TASK TO COMPLETE >> Return all the data, word for word.
+===+
lemma base_words_eq:
  "base_words = {\<lambda>k. False, odd, \<lambda>k. k < 2, \<lambda>k. k = 0 \<or> k = 2} \<union> range (\<lambda>a k. k = a)"
proof -
  have zeros: "omega [False] = (\<lambda>k. False)"
    by (simp add: omega_def fun_eq_iff)
  have "omega [False, True] k = odd k" for k :: nat
  proof -
    have "omega [False, True] k = [False, True] ! (k mod 2)"
      by (simp add: omega_def numeral_2_eq_2)
    moreover have "k mod 2 = 0 \<or> k mod 2 = 1" by arith
    ultimately show ?thesis by (auto simp: odd_iff_mod_2_eq_one)
  qed
  then have "omega [False, True] = odd" ..
  moreover have "prepend (replicate a False @ [True]) (omega [False]) = (\<lambda>k. k = a)" for a
    by (auto simp: zeros fun_eq_iff prepend_def nth_append)
  moreover have "prepend [True, True] (omega [False]) = (\<lambda>k. k < 2)"
    and "prepend [True, False, True] (omega [False]) = (\<lambda>k. k = 0 \<or> k = 2)"
    by (auto simp: zeros fun_eq_iff prepend_def nth_Cons split: nat.split)
  ultimately show ?thesis
    unfolding base_words_def zeros by auto
qed

lemma complement_complement [simp]: "complement (complement w) = w"
  by (simp add: complement_def fun_eq_iff)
+===+
FINISHED EXERCISE >>
lemma base_words_eq:
  "base_words = {\<lambda>k. False, odd, \<lambda>k. k < 2, \<lambda>k. k = 0 \<or> k = 2} \<union> range (\<lambda>a k. k = a)"
proof -
  have zeros: "omega [False] = (\<lambda>k. False)"
    by (simp add: omega_def fun_eq_iff)
  have "omega [False, True] k = odd k" for k :: nat
  proof -
    have "omega [False, True] k = [False, True] ! (k mod 2)"
      by (simp add: omega_def numeral_2_eq_2)
    moreover have "k mod 2 = 0 \<or> k mod 2 = 1" by arith
    ultimately show ?thesis by (auto simp: odd_iff_mod_2_eq_one)
  qed
  then have "omega [False, True] = odd" ..
  moreover have "prepend (replicate a False @ [True]) (omega [False]) = (\<lambda>k. k = a)" for a
    by (auto simp: zeros fun_eq_iff prepend_def nth_append)
  moreover have "prepend [True, True] (omega [False]) = (\<lambda>k. k < 2)"
    and "prepend [True, False, True] (omega [False]) = (\<lambda>k. k = 0 \<or> k = 2)"
    by (auto simp: zeros fun_eq_iff prepend_def nth_Cons split: nat.split)
  ultimately show ?thesis
    unfolding base_words_def zeros by auto
qed

lemma complement_complement [simp]: "complement (complement w) = w"
  by (simp add: complement_def fun_eq_iff)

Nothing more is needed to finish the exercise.